══ Raw data ══

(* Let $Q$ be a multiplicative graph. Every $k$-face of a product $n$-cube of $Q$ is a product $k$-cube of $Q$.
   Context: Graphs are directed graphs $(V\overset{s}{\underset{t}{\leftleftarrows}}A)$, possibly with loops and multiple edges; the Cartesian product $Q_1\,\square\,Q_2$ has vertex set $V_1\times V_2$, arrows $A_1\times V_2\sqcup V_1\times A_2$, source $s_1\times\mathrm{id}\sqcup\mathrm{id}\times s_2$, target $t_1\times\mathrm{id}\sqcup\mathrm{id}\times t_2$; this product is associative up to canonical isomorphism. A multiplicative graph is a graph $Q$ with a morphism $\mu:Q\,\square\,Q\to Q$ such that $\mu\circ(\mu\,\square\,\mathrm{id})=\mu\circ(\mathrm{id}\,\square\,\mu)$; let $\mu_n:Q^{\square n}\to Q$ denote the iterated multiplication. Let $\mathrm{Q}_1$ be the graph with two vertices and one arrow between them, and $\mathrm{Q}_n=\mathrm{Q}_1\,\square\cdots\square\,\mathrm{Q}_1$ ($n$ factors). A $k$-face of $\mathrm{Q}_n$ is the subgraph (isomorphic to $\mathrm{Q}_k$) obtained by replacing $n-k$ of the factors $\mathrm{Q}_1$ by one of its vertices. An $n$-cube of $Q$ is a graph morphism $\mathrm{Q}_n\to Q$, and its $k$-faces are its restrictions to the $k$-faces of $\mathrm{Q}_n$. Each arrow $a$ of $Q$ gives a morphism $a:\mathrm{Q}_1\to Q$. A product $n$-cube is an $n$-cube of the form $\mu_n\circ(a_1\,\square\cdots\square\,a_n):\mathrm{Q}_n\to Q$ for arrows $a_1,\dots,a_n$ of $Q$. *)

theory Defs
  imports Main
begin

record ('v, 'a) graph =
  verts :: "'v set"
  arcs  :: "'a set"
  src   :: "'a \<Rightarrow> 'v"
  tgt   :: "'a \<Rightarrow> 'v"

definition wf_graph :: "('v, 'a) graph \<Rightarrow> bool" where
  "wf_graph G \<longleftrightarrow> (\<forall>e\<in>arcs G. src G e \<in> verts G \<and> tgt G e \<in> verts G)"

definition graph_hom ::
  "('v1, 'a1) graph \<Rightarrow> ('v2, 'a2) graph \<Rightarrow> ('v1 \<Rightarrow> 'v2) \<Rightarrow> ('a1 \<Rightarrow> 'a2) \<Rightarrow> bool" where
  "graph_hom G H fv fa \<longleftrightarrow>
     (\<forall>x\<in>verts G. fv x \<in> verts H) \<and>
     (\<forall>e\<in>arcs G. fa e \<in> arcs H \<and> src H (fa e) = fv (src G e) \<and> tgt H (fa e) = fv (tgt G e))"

═══

What needs to be done ->
The expected answer is each line of the records above that includes the string "bool".

Finished exercise ->
definition wf_graph :: "('v, 'a) graph \<Rightarrow> bool" where
  "('v1, 'a1) graph \<Rightarrow> ('v2, 'a2) graph \<Rightarrow> ('v1 \<Rightarrow> 'v2) \<Rightarrow> ('a1 \<Rightarrow> 'a2) \<Rightarrow> bool" where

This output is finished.